Some useful manuals and tutorials for R (in Czech or English):

  • Bína, V., Komárek, A. a Komárková, L.: Jak na jazyk R. (in Czech) | (PDF manual)
  • Komárek, A.: Základy práce s R. (in Czech) | (PDF manual)
  • Kulich, M.: Velmi stručný úvod do R. (in Czech) | (PDF manual)
  • Venables, W.N., Smith, D.M., and the R Core Team: An Introduction to R. | (PDF manual)
  • De Vries, A. a Meys, J.: R for Dummies. (ISBN-13: 978-1119055808) | (PDF book)

1. Discriminant analysis in R

Discriminant analysis is a (not purely a multivariate) statistical method which was designed for allocating various objects into similar (homogenous) groups. The idea is to use some available information (given covariates) in order to create some classification rule which can be used later to assign some new object into one of the existing groups. From this point of view it can be considered as a classification tool. To remind the difference between clustering and clussification, let us recall the following:

  • Classification works with data for which the groups are known and we try to learn what differentiates them in order to be able to assign future observations into the given groups.
  • Clustering has no prior information on what are the underlying groups – the groups are unknown and we try to identify the groups by considering mutual similarities/differencies in the given observations.

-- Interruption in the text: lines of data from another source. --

(* Let $\{(U_{k,i}, V_{k,i}); i \geq 1, k \geq 1\}$ be an array of i.i.d. two-dimensional random vectors and let $\{p_n; n \geq 1\}$ be a sequence of positive integers such that $n/p_n$ is bounded away from $0$ and $\infty$. Let $$T_n = \max_{1 \leq i \neq j \leq p_n} \Big| \sum_{k=1}^n U_{k,i} V_{k,j} \Big|, \quad n \geq 1.$$ Let $\{a_n; n \geq 1\}$ be a nondecreasing sequence of positive constants such that $\lim_{n \to \infty} a_{n+1}/a_n = 1$ and $\liminf_{n \to \infty} a_{2n}/a_n = b \in (1, \infty]$. If $$\limsup_{n \to \infty} \frac{T_n}{a_n} < \infty \quad \text{a.s.},$$ then $\sum_{n=1}^{\infty} P\big(\max_{1 \leq i \neq j \leq n} |U_{1,i} V_{1,j}| \geq a_n\big) < \infty$, and moreover $(EU_{1,1})(EV_{1,1}) = 0$ whenever $\lim_{n \to \infty} a_n/n = 0$. *)

theory Defs
  imports "HOL-Probability.Probability"
begin

text \<open>The maximum over an empty index set (p_n < 2) is taken to be 0; since all
  terms are nonnegative, inserting 0 does not change the maximum otherwise.\<close>
definition Tstat :: "(nat \<Rightarrow> nat \<Rightarrow> 'a \<Rightarrow> real) \<Rightarrow> (nat \<Rightarrow> nat \<Rightarrow> 'a \<Rightarrow> real) \<Rightarrow> nat \<Rightarrow> nat \<Rightarrow> 'a \<Rightarrow> real"
  where "Tstat U V p n \<omega> =
    Max (insert 0 {\<bar>\<Sum>k=1..n. U k i \<omega> * V k j \<omega>\<bar> | i j.
                     i \<in> {1..p} \<and> j \<in> {1..p} \<and> i \<noteq> j})"

definition Mstat :: "(nat \<Rightarrow> nat \<Rightarrow> 'a \<Rightarrow> real) \<Rightarrow> (nat \<Rightarrow> nat \<Rightarrow> 'a \<Rightarrow> real) \<Rightarrow> nat \<Rightarrow> 'a \<Rightarrow> real"
  where "Mstat U V n \<omega> =
    Max (insert 0 {\<bar>U 1 i \<omega> * V 1 j \<omega>\<bar> | i j.
                     i \<in> {1..n} \<and> j \<in> {1..n} \<and> i \<noteq> j})"

end

theory Submission
  imports Defs
begin

section \<open>Independence and the second Borel--Cantelli lemma\<close>

lemma (in prob_space) indep_sets_reindex:
  assumes "indep_sets F (\<phi> ` I)" "inj_on \<phi> I"
  shows "indep_sets (\<lambda>i. F (\<phi> i)) I"
proof (rule indep_setsI)
  show "F (\<phi> i) \<subseteq> events" if "i \<in> I" for i
    using assms(1) that unfolding indep_sets_def by auto
next
  fix A J assume J: "J \<noteq> {}" "J \<subseteq> I" "finite J" "\<forall>j\<in>J. A j \<in> F (\<phi> j)"
  define A' where "A' = (\<lambda>k. A (the_inv_into I \<phi> k))"
  have inv: "the_inv_into I \<phi> (\<phi> j) = j" if "j \<in> J" for j
    using J(2) assms(2) that by (auto intro: the_inv_into_f_f)
  have "prob (\<Inter>j\<in>J. A j) = prob (\<Inter>k\<in>\<phi> ` J. A' k)"
    using inv by (auto simp: A'_def intro!: arg_cong[where f = prob])
  also have "\<dots> = (\<Prod>k\<in>\<phi> ` J. prob (A' k))"
    using J inv by (intro indep_setsD[OF assms(1)]) (auto simp: A'_def)
  also have "\<dots> = (\<Prod>j\<in>J. prob (A j))"
    using inv J assms(2) by (subst prod.reindex) (auto simp: A'_def intro: inj_on_subset)
  finally show "prob (\<Inter>j\<in>J. A j) = (\<Prod>j\<in>J. prob (A j))" .
qed

lemma (in prob_space) indep_vars_reindex:
  assumes "indep_vars M' X (\<phi> ` I)" "inj_on \<phi> I"
  shows "indep_vars (\<lambda>i. M' (\<phi> i)) (\<lambda>i. X (\<phi> i)) I"
  using assms unfolding indep_vars_def2
  by (auto intro: indep_sets_reindex[where F = "\<lambda>i. {X i -` A \<inter> space M |A. A \<in> sets (M' i)}", simplified])

lemma (in prob_space) distr_iid_reindex:
  assumes indep: "indep_vars (\<lambda>_. N) X J" and ident: "\<And>j. j \<in> J \<Longrightarrow> distr M N (X j) = D"
    and I: "I \<noteq> {}" "inj_on \<phi> I" "\<phi> ` I \<subseteq> J"
  shows "distr M (\<Pi>\<^sub>M i\<in>I. N) (\<lambda>\<omega>. \<lambda>i\<in>I. X (\<phi> i) \<omega>) = (\<Pi>\<^sub>M i\<in>I. D)"
proof -
  have rv: "random_variable N (X (\<phi> i))" if "i \<in> I" for i
    using indep I(3) that unfolding indep_vars_def by auto
  have "indep_vars (\<lambda>_. N) (\<lambda>i. X (\<phi> i)) I"
    using indep_vars_reindex[OF indep_vars_subset[OF indep I(3)] I(2)] .
  then have "distr M (\<Pi>\<^sub>M i\<in>I. N) (\<lambda>\<omega>. \<lambda>i\<in>I. X (\<phi> i) \<omega>) = (\<Pi>\<^sub>M i\<in>I. distr M N (X (\<phi> i)))"
    using indep_vars_iff_distr_eq_PiM'[OF I(1) rv] by simp
  also have "\<dots> = (\<Pi>\<^sub>M i\<in>I. D)"
    using I(3) ident by (intro PiM_cong) auto
  finally show ?thesis .
qed

lemma (in prob_space) indep_events_compl:
  assumes "indep_events A I"
  shows "indep_events (\<lambda>i. space M - A i) I"
proof -
  have "indep_sets (\<lambda>i. sigma_sets (space M) {A i}) I"
    using assms unfolding indep_events_def_alt
    by (rule indep_sets_sigma) (auto simp: Int_stable_def)
  then show ?thesis
    unfolding indep_events_def_alt by (rule indep_sets_mono_sets) (auto intro: sigma_sets.intros)
qed

lemma (in prob_space) borel_cantelli_AE2:
  assumes indep: "indep_events A UNIV" and diverge: "\<not> summable (\<lambda>n. prob (A n))"
  shows "AE x in M. \<exists>\<^sub>F n in sequentially. x \<in> A n"
proof -
  have A: "A n \<in> events" for n
    using indep unfolding indep_events_def by auto
  have compl: "indep_events (\<lambda>n. space M - A n) UNIV"
    using indep by (rule indep_events_compl)
  have tail_bound: "prob (\<Inter>n\<in>{m..}. space M - A n) \<le> exp (- (\<Sum>n=m..N. prob (A n)))" for m N
  proof (cases "m \<le> N")
    case True
    have "prob (\<Inter>n\<in>{m..}. space M - A n) \<le> prob (\<Inter>n\<in>{m..N}. space M - A n)"
      using A True by (intro finite_measure_mono) auto
    also have "\<dots> = (\<Prod>n=m..N. prob (space M - A n))"
      using compl True unfolding indep_events_def by auto
    also have "\<dots> = (\<Prod>n=m..N. 1 - prob (A n))"
      using A by (simp add: prob_compl)
    also have "\<dots> \<le> (\<Prod>n=m..N. exp (- prob (A n)))"
      by (intro prod_mono conjI) (use exp_ge_add_one_self[of "- prob (A _)"] in auto)
    also have "\<dots> = exp (- (\<Sum>n=m..N. prob (A n)))"
      by (simp add: exp_sum[symmetric] sum_negf)
    finally show ?thesis .
  qed simp
  have tail_null: "prob (\<Inter>n\<in>{m..}. space M - A n) = 0" for m
  proof (rule ccontr)
    define c where "c = prob (\<Inter>n\<in>{m..}. space M - A n)"
    assume "prob (\<Inter>n\<in>{m..}. space M - A n) \<noteq> 0"
    then have "0 < c"
      unfolding c_def using measure_nonneg[of M] by (simp add: less_le)
    have partial: "(\<Sum>n=m..N. prob (A n)) \<le> - ln c" for N
    proof -
      have "c \<le> exp (- (\<Sum>n=m..N. prob (A n)))"
        using tail_bound[of m N] unfolding c_def .
      then show ?thesis
        using ln_mono[OF _ \<open>0 < c\<close>] by fastforce
    qed
    have "summable (\<lambda>n. prob (A n))"
    proof (rule summableI_nonneg_bounded)
      show "(\<Sum>n<N. prob (A n)) \<le> (\<Sum>n<m. prob (A n)) - ln c" for N
      proof -
        have "(\<Sum>n<N. prob (A n)) \<le> (\<Sum>n\<in>{..<m} \<union> {m..N}. prob (A n))"
          by (intro sum_mono2) auto
        also have "\<dots> = (\<Sum>n<m. prob (A n)) + (\<Sum>n=m..N. prob (A n))"
          by (rule sum.union_disjoint) auto
        finally show ?thesis using partial[of N] by simp
      qed
    qed simp
    with diverge show False ..
  qed
  show ?thesis
  proof (rule AE_I')
    show "(\<Union>m. \<Inter>n\<in>{m..}. space M - A n) \<in> null_sets M"
      using tail_null A by (intro null_sets_UN) (simp add: null_sets_def emeasure_eq_measure sets.countable_INT')
    show "{x \<in> space M. \<not> (\<exists>\<^sub>F n in sequentially. x \<in> A n)} \<subseteq> (\<Union>m. \<Inter>n\<in>{m..}. space M - A n)"
      by (auto simp: frequently_def eventually_sequentially)
  qed
qed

There are many different approaches how to define some reasonable descrimination rule. Such rules can be based, for instance, on the prior probabilities (Bayes rule) and the likelihood approach. For a normal model and homoscedastic error the discrimination rule simplifies to a linear form (linear discriminant analysis) while for the heteroscedastic errors the discrimination rule has a quadratic form instead. We mostly focuss on a linear discriminant analysis (LDA) which is a statistical method meant to find a linear combination of features (usually a set of continuous random variables) that characterizes or separates two or more classes of objects or events. The resulting combination may be used as a linear classifier. This method is implemented in the R software implemented in the function lda() which is available in the packages ‘MASS’. An straightforward extention is a quadratic discrimination rule wich is performed with the R command ‘qda()’ (also in package ‘MASS’).

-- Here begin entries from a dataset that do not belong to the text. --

lemma params_fun_upd:
  "W \<in> params d H \<Longrightarrow> k \<in> {1..H+1} \<Longrightarrow> X \<in> mats (d k) (d (k - 1)) \<Longrightarrow> W(k := X) \<in> params d H"
  by (auto simp: params_def)

lemma seg_mats: "shaped d W \<Longrightarrow> 1 \<le> j \<Longrightarrow> seg d W j a \<in> mats (d (j + a - 1)) (d (j - 1))"
proof (induction a)
  case 0
  then show ?case by (simp add: ident_mats)
next
  case (Suc a)
  have "W (j + a) \<in> mats (d (j + a)) (d (j + a - 1))" using Suc.prems by (simp add: shaped_def)
  then show ?case using Suc by (auto intro: mmul_mats)
qed

lemma seg_params_mats: "W \<in> params d H \<Longrightarrow> seg d W 1 (H + 1) \<in> mats (d (H + 1)) (d 0)"
  using seg_mats[OF params_shaped, of W d H 1 "H + 1"] by simp

lemma seg_cong: "(\<And>i. j \<le> i \<Longrightarrow> i < j + a \<Longrightarrow> W i = V i) \<Longrightarrow> seg d W j a = seg d V j a"
  by (induction a) auto

lemma seg_fun_upd_above: "k < j \<Longrightarrow> seg d (W(k := X)) j n = seg d W j n"
  by (rule seg_cong) auto

lemma seg_fun_upd_below: "seg d (W(k := X)) 1 (k - 1) = seg d W 1 (k - 1)"
  by (rule seg_cong) auto

lemma mmul_layer_ident: "shaped d W \<Longrightarrow> mmul (d (j - 1)) (W j) (ident (d (j - 1))) = W j"
  by (rule mmul_ident_right) (auto simp: shaped_def)

lemma seg_one: "shaped d W \<Longrightarrow> seg d W j 1 = W j"
  by (simp add: mmul_layer_ident[of d W j, simplified])

lemma seg_add:
  "shaped d W \<Longrightarrow> 1 \<le> j \<Longrightarrow> seg d W j (a + b) = mmul (d (j + a - 1)) (seg d W (j + a) b) (seg d W j a)"
proof (induction b)
  case 0
  then show ?case using seg_mats[OF 0(1,2), of a] by (simp add: mmul_ident_left)
next
  case (Suc b)
  then show ?case by (simp add: mmul_assoc add.assoc)
qed

lemma seg_split:
  "shaped d V \<Longrightarrow> m \<le> H + 1 \<Longrightarrow>
   seg d V 1 (H + 1) = mmul (d m) (seg d V (m + 1) (H + 1 - m)) (seg d V 1 m)"
  using seg_add[of d V 1 m "H + 1 - m"] by (simp add: add.commute)

lemma seg_split_layer:
  assumes "shaped d W" "1 \<le> k" "k \<le> H + 1"
  shows "seg d W 1 (H + 1) =
    mmul (d k) (seg d W (k + 1) (H + 1 - k)) (mmul (d (k - 1)) (W k) (seg d W 1 (k - 1)))"
proof -
  have e: "k - 1 + 1 = k" "H + 1 - (k - 1) = 1 + (H + 1 - k)" "k + 1 - 1 = k" using assms by auto
  have "k - 1 \<le> H + 1" using assms by simp
  from seg_split[OF assms(1) this]
  have "seg d W 1 (H + 1) = mmul (d (k - 1)) (seg d W k (1 + (H + 1 - k))) (seg d W 1 (k - 1))"
    unfolding e .
  also have "seg d W k (1 + (H + 1 - k)) = mmul (d k) (seg d W (k + 1) (H + 1 - k)) (W k)"
    using seg_add[OF assms(1,2), of 1 "H + 1 - k"] by (simp only: e seg_one[OF assms(1)])
  finally show ?thesis by (simp only: mmul_assoc)
qed

lemma seg_fun_upd_layer:
  assumes "shaped d W" "X \<in> mats (d k) (d (k - 1))" "1 \<le> k" "k \<le> H + 1"
  shows "seg d (W(k := X)) 1 (H + 1) =
    mmul (d k) (seg d W (k + 1) (H + 1 - k)) (mmul (d (k - 1)) X (seg d W 1 (k - 1)))"
proof -
  have "seg d (W(k := X)) 1 (H + 1) = mmul (d k) (seg d (W(k := X)) (k + 1) (H + 1 - k))
      (mmul (d (k - 1)) ((W(k := X)) k) (seg d (W(k := X)) 1 (k - 1)))"
    using shaped_fun_upd[OF assms(1,2)] assms(3,4) by (rule seg_split_layer)
  then show ?thesis
    by (simp only: seg_fun_upd_below seg_fun_upd_above[of k "k + 1"] fun_upd_same less_add_one)
qed

lemma seg_madd_layer:
  assumes "shaped d W" "\<Delta> \<in> mats (d k) (d (k - 1))" "1 \<le> k" "k \<le> H + 1"
  shows "seg d (W(k := madd (W k) \<Delta>)) 1 (H + 1) = madd (seg d W 1 (H + 1))
    (mmul (d k) (seg d W (k + 1) (H + 1 - k)) (mmul (d (k - 1)) \<Delta> (seg d W 1 (k - 1))))"
proof -
  have "madd (W k) \<Delta> \<in> mats (d k) (d (k - 1))"
    using assms(1,2) by (auto simp: shaped_def mats_def madd_def)
  then show ?thesis
    using seg_fun_upd_layer[OF assms(1) _ assms(3,4)] seg_split_layer[OF assms(1,3,4)]
      mmul_add_scaled_left[where t = 1] mmul_add_scaled_right[where t = 1]
    by (simp add: madd_def)
qed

Linear discriminant analysis is closely related to analysis of variance (ANOVA) and regression analysis, which also attempt to express one dependent variable as a linear combination of other features or measurements. However, ANOVA uses categorical independent variables and a continuous dependent variable, whereas discriminant analysis has continuous independent variables and a categorical dependent variable instead. On the other hand, the logistic regression approach is more similar to LDA than ANOVA is, as they also explain a categorical variable by the values of continuous independent variables. These other methods are preferable in applications where it is not reasonable to assume that the independent variables are normally distributed, which is a fundamental assumption of the LDA method.

If the normality assumptions is too much restrictive, we can use Fisher’s approach which finds the linear discrimination in a way that between class and within class variability are optimized. This method does not even require homoscedastic errors. Suppose that two groups of observations have their means denoted as \(\boldsymbol{\mu}_1\) and \(\boldsymbol{\mu_2}\) and the corresponding variance-covariances matrices are \(\Sigma_1\) and \(\Sigma_2\). The Fisher’s linear separation measure between for these two groups (the corresponding distributions respectively) is defined as a ratio of the variance between the groups to the variance within the groupds, which is \[ S = \frac{\sigma_{between}^2}{\sigma_{within}^2} = \frac{(\boldsymbol{w} \boldsymbol{\mu}_2 - \boldsymbol{w} \boldsymbol{\mu}_1)^2}{\boldsymbol{w}^\top (\Sigma_{1} + \Sigma_2) \boldsymbol{w} }. \]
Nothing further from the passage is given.